Harold Steves might be in the middle of wrapping up a 51-year career as a politician, and as one of British Columbia’s greatest champions of agriculture and local food, but as of Monday he still had cows. And so, that morning, he was busy doing the usual.
“I still have to clean the barn. They don’t hold back,” said Mr. Steves, 85, who will go to Richmond city hall Thursday to mark his last day there as a city councillor.
It’s a job he has held almost continuously since 1968, except during a break in the 1970s that included a three-year stint as a provincial MLA. During that time, he helped shepherd in legislation that created B.C.’s unique Agricultural Land Reserve, which has protected vast swaths of land from development, including half of Richmond and a good chunk of Metro Vancouver.
His conservation and environmental work has earned him praise – sometimes reluctantly and years later – from both former opponents and long-time admirers.
“He made a lot of us mad at times because he was so persistent and a bit militant,” said Bob Ransford, a real estate developer who is a third-generation resident of the Richmond neighbourhood of Steveston. Richmond’s city council, with Mr. Steves’s support, expropriated Mr. Ransford’s grandfather’s property to add it to a public park.
“But he’s been the conscience of all the issues we now care about today. He was talking about all of those 40 years ago. He moved the agenda because he stopped things and he got things done.”
There are 4.6 million hectares of prime farmland in the reserve, or about 5 per cent of the province’s total land base.

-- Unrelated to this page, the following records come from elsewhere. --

text \<open>The library's \<open>finite_field_power_card_eq_same\<close> needs sort \<open>finite_field\<close>, which a type
  variable of sort \<open>{field,finite}\<close> cannot be shown to have.\<close>
lemma finite_field_power_card_eq_self:
  fixes x :: "'a::{field,finite}"
  shows "x ^ card (UNIV :: 'a set) = x"
proof (cases "x = 0")
  case False
  define G :: "'a monoid" where "G = \<lparr>carrier = UNIV - {0}, monoid.mult = (*), one = 1\<rparr>"
  interpret group G
  proof (rule groupI)
    fix y assume "y \<in> carrier G"
    thus "\<exists>z\<in>carrier G. z \<otimes>\<^bsub>G\<^esub> y = \<one>\<^bsub>G\<^esub>"
      by (intro bexI[of _ "inverse y"]) (auto simp: G_def)
  qed (auto simp: G_def mult.assoc)
  have pow: "y [^]\<^bsub>G\<^esub> m = y ^ m" for y :: 'a and m :: nat
    by (induction m) (auto simp: G_def)
  have "order G = card (UNIV :: 'a set) - 1"
    by (simp add: order_def G_def card_Diff_singleton)
  moreover have "x \<in> carrier G" using False by (simp add: G_def)
  ultimately have "x ^ (card (UNIV :: 'a set) - 1) = 1"
    using pow_order_eq_1[of x] unfolding pow by (simp add: G_def)
  then have "x * x ^ (card (UNIV :: 'a set) - 1) = x" by simp
  moreover have "card (UNIV :: 'a set) = Suc (card (UNIV :: 'a set) - 1)"
    using finite_UNIV_card_ge_0[where 'a='a] by simp
  ultimately show ?thesis by (metis power_Suc)
qed (simp add: finite_UNIV_card_ge_0)

text \<open>Counting over the fibres of an additive map, all of which are translates of its kernel.\<close>
lemma card_UNIV_le_card_range_mult_card_kernel:
  fixes h :: "'a::{ab_group_add,finite} \<Rightarrow> 'b::ab_group_add"
  assumes add: "\<And>x y. h (x + y) = h x + h y"
  shows "card (UNIV :: 'a set) \<le> card (range h) * card {x. h x = 0}"
proof -
  have "UNIV = (\<Union>y\<in>range h. h -` {y})" by auto
  hence "card (UNIV :: 'a set) \<le> (\<Sum>y\<in>range h. card (h -` {y}))"
    using card_UN_le[of "range h" "\<lambda>y. h -` {y}"] by simp
  also have "\<dots> \<le> card (range h) * card {x. h x = 0}"
  proof (rule sum_bounded_above[where K = "card {x. h x = 0}", simplified])
    fix y assume "y \<in> range h"
    then obtain x0 where y: "y = h x0" by auto
    have "h (x - x0) = h x - h x0" for x
      using add[of "x - x0" x0] by (simp add: algebra_simps)
    hence "(\<lambda>x. x - x0) ` (h -` {y}) \<subseteq> {x. h x = 0}" using y by auto
    moreover have "inj_on (\<lambda>x. x - x0) (h -` {y})" by (auto simp: inj_on_def)
    ultimately show "card (h -` {y}) \<le> card {x. h x = 0}"
      by (intro card_inj_on_le) auto
  qed
  finally show ?thesis .
qed

definition linpoly :: "nat \<Rightarrow> (nat \<Rightarrow> 'a::field) \<Rightarrow> nat \<Rightarrow> 'a \<Rightarrow> 'a" where
  "linpoly q c m x = (\<Sum>j<m. c j * x ^ (q ^ j))"

lemma lin_eval_eq_linpoly:
  assumes "qdeg_less a k"
  shows "lin_eval q a x = linpoly q a k x"
proof -
  have "{i. a i \<noteq> 0} \<subseteq> {..<k}" using assms by (auto simp: qdeg_less_def intro: leI)
  thus ?thesis unfolding lin_eval_def linpoly_def by (intro sum.mono_neutral_left) auto
qed

lemma linpoly_diff: "linpoly q (\<lambda>j. a j - b j) m x = linpoly q a m x - linpoly q b m x"
  by (simp add: linpoly_def left_diff_distrib sum_subtractf)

That land is protected from development and other non-farm uses. The Agricultural Land Commission fields applications to remove areas from the reserve or approve non-farming activities.
The law, which Mr. Steves ushered into existence with Dave Stupich, who was agricultural minister at the time, and then-premier Dave Barrett, continues to breed tension in the province. There is often immense pressure put on the commission to turn land over to industrial or residential development.
Mr. Steves has remained a champion of the reserve. In recent years, he has advocated for the commission to ensure agricultural land is not used for megamansions or concrete-floored cannabis-production facilities.
Before he returned to Richmond city council in the 1970s, he spent a year suing Richmond over its decision to grant development approval for a piece of land at Garry Point Park. He and his allies won that battle, which is why the hugely popular park at the southwestern point of Lulu Island remains as big as it is.
He is also renowned as a early champion of the idea of local food. He was among the first to warn B.C. not to rely on California and other places around the world for its produce.
He has won many other fights. He got park space included in the controversial 1990s Terra Nova development in northwest Richmond. He preserved Japanese boat-building sheds on the Fraser River at what is now the location of the Britannia Shipyards National Historic Site. He worked to create an agricultural school at what was then Kwantlen College. And he was instrumental in preserving the Garden City Lands, a vast area of green space in the middle of west-side Richmond.
Former Vision Vancouver city councillor Andrea Reimer, who started her political career with the Green Party, called Mr. Steves “the ongoing protector.”
She said she admired the way Mr. Steves, who was also a Metro Vancouver director for most of the years he was on Richmond’s council, was willing to work with anyone and use any tactics to achieve what he thought were the right goals.
“Harold is as down to earth as you can get, and he kind of disarms people. He understood intuitively that he needed to reach out broadly.”
Richmond Mayor Malcolm Brodie, who has served alongside Mr. Steves since 1996, said the councillor had always been a pragmatist who would try his best to communicate with everyone, whether they agreed with him or not.
Mr. Steves didn’t start out intending to be a crusader.
In 1959, when he was a graduate student in the agriculture school at the University of British Columbia, his father called and said that their farm – an operation started by Mr. Steves’s grandparents, Manoah and Martha Steves, for whom Steveston is named – was under threat because the city had rezoned the land for residential use. The rezoning meant the family no longer had the ability to expand buildings or change equipment to keep up with new dairy-farming requirements.
The farm later lost its standing as agricultural land for land-assessment purposes, which meant heavy new taxes that had to be paid.
Even as Mr. Steves spent a lifetime pushing to preserve farmland and protect the ability of the province to produce its own food, he continued to run a beef-cattle operation on his family’s land. He said on Twitter that his Belted Galloway cows went to his son’s ranch earlier this week.
Mr. Steves still frets over the 19,000 hectares of farmland in B.C. that is instead being used for golf courses, megamansions and horse estates.
But he said he feels as though he has accomplished most of what he set out to do, including two projects he made progress on just this month: an estuarium at Garry Point Park and an effort to open up one of the sloughs at Terra Nova for spawning salmon.
Those were ideas that he had almost half a century ago, but other things got in the way.
“Some things take 50 years to get done,” he said.